What the exercise asks:
In the records below, find the line that contains "0\<close> by (auto dest: dvd_imp_le)" and the line that contains "Suc n = of_real", then retype exactly those two lines and every line between them.

Record set:
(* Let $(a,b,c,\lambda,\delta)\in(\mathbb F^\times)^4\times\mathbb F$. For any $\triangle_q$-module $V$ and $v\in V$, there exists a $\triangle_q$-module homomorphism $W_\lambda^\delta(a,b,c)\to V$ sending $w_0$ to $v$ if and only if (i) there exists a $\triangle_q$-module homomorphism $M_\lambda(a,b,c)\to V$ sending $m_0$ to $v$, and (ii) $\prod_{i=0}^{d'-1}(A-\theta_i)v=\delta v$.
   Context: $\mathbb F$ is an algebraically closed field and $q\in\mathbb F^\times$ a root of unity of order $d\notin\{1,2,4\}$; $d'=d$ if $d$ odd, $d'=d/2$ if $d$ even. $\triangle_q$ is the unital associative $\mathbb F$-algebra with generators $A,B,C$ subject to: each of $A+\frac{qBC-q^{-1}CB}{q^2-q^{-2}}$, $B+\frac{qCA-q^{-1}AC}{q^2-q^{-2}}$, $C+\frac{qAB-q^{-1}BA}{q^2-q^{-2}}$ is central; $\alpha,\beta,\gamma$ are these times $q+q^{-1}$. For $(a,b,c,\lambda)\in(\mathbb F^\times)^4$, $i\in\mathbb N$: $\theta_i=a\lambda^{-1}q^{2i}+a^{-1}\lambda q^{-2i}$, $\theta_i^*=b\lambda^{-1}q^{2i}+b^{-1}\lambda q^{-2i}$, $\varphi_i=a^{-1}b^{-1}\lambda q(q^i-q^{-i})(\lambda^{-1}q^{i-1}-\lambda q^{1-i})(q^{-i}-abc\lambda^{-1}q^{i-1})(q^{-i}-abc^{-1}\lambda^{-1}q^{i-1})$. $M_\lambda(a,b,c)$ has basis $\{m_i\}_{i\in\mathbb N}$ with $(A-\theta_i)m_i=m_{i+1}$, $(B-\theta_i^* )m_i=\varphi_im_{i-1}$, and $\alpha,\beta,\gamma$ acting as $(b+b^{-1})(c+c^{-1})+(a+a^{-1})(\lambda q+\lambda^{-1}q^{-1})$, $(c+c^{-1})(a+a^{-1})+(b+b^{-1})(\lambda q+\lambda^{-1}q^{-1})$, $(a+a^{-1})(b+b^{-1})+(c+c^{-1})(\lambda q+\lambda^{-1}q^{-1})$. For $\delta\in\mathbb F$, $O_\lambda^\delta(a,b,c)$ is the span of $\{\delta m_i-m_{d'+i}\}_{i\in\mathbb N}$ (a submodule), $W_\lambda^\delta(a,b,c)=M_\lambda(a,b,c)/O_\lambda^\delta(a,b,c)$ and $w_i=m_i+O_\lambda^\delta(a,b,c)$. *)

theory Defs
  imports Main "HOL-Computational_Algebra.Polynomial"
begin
--
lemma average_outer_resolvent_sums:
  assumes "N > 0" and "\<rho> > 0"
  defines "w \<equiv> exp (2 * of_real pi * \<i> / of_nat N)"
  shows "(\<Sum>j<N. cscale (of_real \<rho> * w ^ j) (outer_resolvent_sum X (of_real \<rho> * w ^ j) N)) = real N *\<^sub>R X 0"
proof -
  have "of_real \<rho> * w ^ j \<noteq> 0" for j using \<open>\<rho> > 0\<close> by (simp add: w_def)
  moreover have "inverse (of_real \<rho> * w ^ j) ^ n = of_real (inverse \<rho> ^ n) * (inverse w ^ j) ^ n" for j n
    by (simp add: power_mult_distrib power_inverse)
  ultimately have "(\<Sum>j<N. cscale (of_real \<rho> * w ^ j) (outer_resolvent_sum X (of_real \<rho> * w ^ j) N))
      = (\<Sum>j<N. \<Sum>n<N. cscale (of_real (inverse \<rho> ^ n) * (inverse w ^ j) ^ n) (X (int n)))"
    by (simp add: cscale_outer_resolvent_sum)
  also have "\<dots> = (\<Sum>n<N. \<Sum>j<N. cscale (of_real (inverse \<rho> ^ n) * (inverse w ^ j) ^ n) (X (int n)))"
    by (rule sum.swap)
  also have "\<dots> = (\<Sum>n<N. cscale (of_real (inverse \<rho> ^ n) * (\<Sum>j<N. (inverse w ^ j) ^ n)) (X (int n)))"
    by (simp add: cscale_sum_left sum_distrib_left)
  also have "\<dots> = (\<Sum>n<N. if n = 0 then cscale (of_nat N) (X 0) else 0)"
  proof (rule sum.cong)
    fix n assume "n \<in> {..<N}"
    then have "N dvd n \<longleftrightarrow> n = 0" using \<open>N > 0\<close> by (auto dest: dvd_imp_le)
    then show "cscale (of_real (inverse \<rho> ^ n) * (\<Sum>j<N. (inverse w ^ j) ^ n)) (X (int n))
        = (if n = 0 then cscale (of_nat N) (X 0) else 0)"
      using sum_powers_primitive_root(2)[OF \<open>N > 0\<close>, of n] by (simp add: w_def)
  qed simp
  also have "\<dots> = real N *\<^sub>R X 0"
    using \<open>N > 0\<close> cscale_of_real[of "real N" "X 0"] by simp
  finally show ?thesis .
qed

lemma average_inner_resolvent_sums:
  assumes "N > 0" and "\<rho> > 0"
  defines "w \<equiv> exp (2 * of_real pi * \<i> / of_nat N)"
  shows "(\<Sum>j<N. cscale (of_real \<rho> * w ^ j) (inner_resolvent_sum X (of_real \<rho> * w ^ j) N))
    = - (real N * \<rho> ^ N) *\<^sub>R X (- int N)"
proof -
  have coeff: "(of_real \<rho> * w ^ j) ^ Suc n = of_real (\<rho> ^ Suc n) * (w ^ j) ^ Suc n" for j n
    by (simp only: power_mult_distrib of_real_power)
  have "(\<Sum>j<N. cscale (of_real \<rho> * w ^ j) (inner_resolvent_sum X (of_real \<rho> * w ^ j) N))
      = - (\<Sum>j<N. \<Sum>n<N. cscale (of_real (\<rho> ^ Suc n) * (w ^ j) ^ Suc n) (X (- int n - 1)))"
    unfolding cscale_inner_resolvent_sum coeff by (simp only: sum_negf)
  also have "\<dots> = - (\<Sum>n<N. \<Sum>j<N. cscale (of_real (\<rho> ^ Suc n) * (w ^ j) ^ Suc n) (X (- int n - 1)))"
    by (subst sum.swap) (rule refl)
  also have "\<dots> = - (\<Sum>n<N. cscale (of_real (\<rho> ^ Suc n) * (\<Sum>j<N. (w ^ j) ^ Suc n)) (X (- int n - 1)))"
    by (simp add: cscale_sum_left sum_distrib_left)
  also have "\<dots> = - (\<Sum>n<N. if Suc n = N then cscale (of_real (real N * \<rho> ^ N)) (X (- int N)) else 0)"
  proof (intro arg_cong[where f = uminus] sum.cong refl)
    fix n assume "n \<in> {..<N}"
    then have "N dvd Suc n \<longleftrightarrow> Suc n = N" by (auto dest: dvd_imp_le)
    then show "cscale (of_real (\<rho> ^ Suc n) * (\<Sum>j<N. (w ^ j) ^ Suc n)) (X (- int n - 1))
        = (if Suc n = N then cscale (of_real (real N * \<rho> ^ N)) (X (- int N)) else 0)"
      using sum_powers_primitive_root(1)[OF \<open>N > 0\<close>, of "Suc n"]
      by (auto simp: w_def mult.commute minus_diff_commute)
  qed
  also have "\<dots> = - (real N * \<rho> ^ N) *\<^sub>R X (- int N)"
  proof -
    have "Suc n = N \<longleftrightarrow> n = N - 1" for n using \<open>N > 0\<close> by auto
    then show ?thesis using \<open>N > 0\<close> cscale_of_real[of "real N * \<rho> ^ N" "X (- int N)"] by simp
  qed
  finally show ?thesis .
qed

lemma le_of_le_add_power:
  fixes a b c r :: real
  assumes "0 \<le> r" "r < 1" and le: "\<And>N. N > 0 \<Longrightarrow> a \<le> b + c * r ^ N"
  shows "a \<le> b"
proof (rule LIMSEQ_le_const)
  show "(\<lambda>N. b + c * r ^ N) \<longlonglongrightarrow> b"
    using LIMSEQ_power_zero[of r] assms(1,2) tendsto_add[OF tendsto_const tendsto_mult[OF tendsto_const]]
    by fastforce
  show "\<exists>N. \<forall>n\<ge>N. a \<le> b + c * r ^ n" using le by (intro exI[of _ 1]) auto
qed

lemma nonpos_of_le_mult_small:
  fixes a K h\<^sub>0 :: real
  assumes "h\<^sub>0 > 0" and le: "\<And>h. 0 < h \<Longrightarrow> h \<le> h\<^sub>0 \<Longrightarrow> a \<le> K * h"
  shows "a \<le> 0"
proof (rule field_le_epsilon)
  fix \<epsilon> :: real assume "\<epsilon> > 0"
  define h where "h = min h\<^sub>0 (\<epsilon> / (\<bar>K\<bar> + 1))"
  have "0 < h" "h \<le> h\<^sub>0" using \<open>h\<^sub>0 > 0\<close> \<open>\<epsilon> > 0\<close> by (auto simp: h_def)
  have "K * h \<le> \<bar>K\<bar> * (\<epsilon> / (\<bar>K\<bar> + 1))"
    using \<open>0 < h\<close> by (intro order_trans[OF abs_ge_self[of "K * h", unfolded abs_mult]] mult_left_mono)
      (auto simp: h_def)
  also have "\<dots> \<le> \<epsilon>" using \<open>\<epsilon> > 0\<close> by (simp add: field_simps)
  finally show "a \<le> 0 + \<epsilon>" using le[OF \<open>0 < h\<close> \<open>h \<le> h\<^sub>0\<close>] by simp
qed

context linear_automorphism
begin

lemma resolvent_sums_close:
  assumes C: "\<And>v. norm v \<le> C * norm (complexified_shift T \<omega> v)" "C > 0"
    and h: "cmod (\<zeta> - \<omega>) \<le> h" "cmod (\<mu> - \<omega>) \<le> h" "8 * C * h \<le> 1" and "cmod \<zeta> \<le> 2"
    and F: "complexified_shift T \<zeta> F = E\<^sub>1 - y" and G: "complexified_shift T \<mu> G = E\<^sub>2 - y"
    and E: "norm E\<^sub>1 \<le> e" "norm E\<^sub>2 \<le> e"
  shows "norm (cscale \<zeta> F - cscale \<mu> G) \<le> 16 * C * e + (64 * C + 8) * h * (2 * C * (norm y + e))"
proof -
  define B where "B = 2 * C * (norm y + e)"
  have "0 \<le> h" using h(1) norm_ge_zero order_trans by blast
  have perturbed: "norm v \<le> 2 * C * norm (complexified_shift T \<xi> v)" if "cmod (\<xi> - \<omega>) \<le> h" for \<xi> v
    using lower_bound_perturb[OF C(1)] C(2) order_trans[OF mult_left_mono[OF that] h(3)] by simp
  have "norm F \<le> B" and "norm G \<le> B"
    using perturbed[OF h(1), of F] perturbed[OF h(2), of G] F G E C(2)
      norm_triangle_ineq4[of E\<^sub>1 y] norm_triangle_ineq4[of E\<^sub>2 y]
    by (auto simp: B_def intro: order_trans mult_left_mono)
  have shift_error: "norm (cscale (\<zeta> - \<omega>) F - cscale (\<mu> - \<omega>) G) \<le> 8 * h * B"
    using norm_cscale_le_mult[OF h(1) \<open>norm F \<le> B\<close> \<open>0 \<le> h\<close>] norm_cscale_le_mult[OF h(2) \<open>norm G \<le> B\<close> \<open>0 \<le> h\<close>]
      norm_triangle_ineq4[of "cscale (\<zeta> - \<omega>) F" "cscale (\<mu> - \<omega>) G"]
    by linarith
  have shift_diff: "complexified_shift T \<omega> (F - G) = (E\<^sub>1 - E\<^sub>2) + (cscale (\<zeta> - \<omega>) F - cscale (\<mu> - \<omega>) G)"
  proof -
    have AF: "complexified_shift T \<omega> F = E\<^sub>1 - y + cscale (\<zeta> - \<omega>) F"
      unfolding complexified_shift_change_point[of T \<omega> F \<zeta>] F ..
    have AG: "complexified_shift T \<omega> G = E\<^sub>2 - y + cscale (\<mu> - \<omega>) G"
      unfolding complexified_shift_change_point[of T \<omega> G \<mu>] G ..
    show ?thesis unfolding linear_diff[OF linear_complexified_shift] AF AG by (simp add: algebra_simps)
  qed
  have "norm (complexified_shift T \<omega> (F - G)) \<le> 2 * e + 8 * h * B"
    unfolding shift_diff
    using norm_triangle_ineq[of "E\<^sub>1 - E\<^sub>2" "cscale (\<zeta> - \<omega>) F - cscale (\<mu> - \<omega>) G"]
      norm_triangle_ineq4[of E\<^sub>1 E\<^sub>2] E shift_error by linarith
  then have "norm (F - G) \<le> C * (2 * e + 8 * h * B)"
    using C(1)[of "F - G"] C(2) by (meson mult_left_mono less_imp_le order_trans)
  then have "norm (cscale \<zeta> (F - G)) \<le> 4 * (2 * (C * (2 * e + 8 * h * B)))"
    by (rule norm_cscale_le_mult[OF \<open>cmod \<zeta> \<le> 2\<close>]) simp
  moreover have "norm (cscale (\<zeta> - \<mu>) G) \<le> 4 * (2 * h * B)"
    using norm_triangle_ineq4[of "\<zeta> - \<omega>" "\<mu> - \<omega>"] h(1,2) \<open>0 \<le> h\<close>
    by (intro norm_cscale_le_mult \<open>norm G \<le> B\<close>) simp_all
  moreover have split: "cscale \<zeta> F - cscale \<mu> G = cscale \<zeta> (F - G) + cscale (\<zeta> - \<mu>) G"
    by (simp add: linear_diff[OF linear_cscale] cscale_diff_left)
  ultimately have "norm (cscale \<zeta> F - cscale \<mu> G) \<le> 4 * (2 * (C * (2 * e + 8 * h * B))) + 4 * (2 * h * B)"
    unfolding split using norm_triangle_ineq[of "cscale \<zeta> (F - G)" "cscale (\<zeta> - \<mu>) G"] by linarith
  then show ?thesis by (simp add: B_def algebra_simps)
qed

Written answer:
    then have "N dvd n \<longleftrightarrow> n = 0" using \<open>N > 0\<close> by (auto dest: dvd_imp_le)
    then show "cscale (of_real (inverse \<rho> ^ n) * (\<Sum>j<N. (inverse w ^ j) ^ n)) (X (int n))
        = (if n = 0 then cscale (of_nat N) (X 0) else 0)"
      using sum_powers_primitive_root(2)[OF \<open>N > 0\<close>, of n] by (simp add: w_def)
  qed simp
  also have "\<dots> = real N *\<^sub>R X 0"
    using \<open>N > 0\<close> cscale_of_real[of "real N" "X 0"] by simp
  finally show ?thesis .
qed

lemma average_inner_resolvent_sums:
  assumes "N > 0" and "\<rho> > 0"
  defines "w \<equiv> exp (2 * of_real pi * \<i> / of_nat N)"
  shows "(\<Sum>j<N. cscale (of_real \<rho> * w ^ j) (inner_resolvent_sum X (of_real \<rho> * w ^ j) N))
    = - (real N * \<rho> ^ N) *\<^sub>R X (- int N)"
proof -
  have coeff: "(of_real \<rho> * w ^ j) ^ Suc n = of_real (\<rho> ^ Suc n) * (w ^ j) ^ Suc n" for j n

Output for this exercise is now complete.